▶ **WORK REQUEST**
Looking through the material below, say how many lines contain the string "cases" and add nothing more.

......

lemma prox_normal_C_set_le:
  assumes "\<alpha> \<noteq> 0" "\<beta> > 0" and pn: "prox_normal (ip_beta \<beta>) (C_set \<alpha>) w v"
    and "ipnorm (ip_beta \<beta>) v \<le> 1" and "w' \<in> C_set \<alpha>"
  shows "ip_beta \<beta> v (w' - w) \<le> \<beta> / \<bar>\<alpha>\<bar> / 2 * (ipnorm (ip_beta \<beta>) (w' - w))\<^sup>2"
proof -
  obtain x y g where w: "w = (x, y, g)" by (cases w)
  obtain p q s where v: "v = (p, q, s)" by (cases v)
  obtain x' y' g' where w': "w' = (x', y', g')" by (cases w')
  define c where "c = \<beta>\<^sup>2 * s / \<alpha>"
  define dx where "dx = x' - x"
  define dy where "dy = y' - y"
  have C: "inner x y = \<alpha> * g" "inner x' y' = \<alpha> * g'"
    using pn assms(5) by (simp_all add: w w' prox_normal_def)
  have p: "p = - c *\<^sub>R y" and q: "q = - c *\<^sub>R x"
    using prox_normal_C_set[OF assms(1) pn[unfolded w v]] by (simp_all add: c_def)
  have "\<beta>\<^sup>2 * s * (g' - g) = c * (inner x' y' - inner x y)"
    using assms(1) C by (simp add: c_def field_simps)
  then have "ip_beta \<beta> v (w' - w) = c * inner dx dy"
    by (simp add: ip_beta_def w w' v p q dx_def dy_def inner_diff_left inner_diff_right
        inner_commute algebra_simps power2_eq_square)
  also have "\<dots> \<le> \<beta> / \<bar>\<alpha>\<bar> * ((inner dx dx + inner dy dy) / 2)"
  proof -
    have "(\<beta> * s)\<^sup>2 \<le> (ipnorm (ip_beta \<beta>) v)\<^sup>2"
      by (simp add: ipnorm_ip_beta_sq v ip_beta_self power_mult_distrib)
    also have "\<dots> \<le> 1"
      using assms(4) by (intro power_le_one) (simp_all add: ipnorm_def ip_beta_self_nonneg)
    finally have "\<bar>\<beta> * s\<bar> \<le> 1"
      by (simp add: abs_square_le_1)
    then have "\<bar>c\<bar> \<le> \<beta> / \<bar>\<alpha>\<bar>"
      using assms(1,2) by (simp add: c_def abs_mult power2_eq_square divide_right_mono mult_left_le)
    then have "\<bar>c\<bar> * \<bar>inner dx dy\<bar> \<le> \<beta> / \<bar>\<alpha>\<bar> * ((inner dx dx + inner dy dy) / 2)"
      using abs_inner_le_half_sum[of dx dy] assms(2) by (intro mult_mono) auto
    then show ?thesis
      by (metis abs_ge_self abs_mult order_trans)
  qed
  also have "\<dots> \<le> \<beta> / \<bar>\<alpha>\<bar> / 2 * (inner dx dx + inner dy dy + \<beta>\<^sup>2 * (g' - g)\<^sup>2)"
    using assms(2) by (simp add: divide_right_mono mult_left_mono)
  also have "\<dots> = \<beta> / \<bar>\<alpha>\<bar> / 2 * (ipnorm (ip_beta \<beta>) (w' - w))\<^sup>2"
    by (simp add: ipnorm_ip_beta_sq w w' ip_beta_self dx_def dy_def)
  finally show ?thesis .
qed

......

▶ **RESPONSE TO THE TASK**
3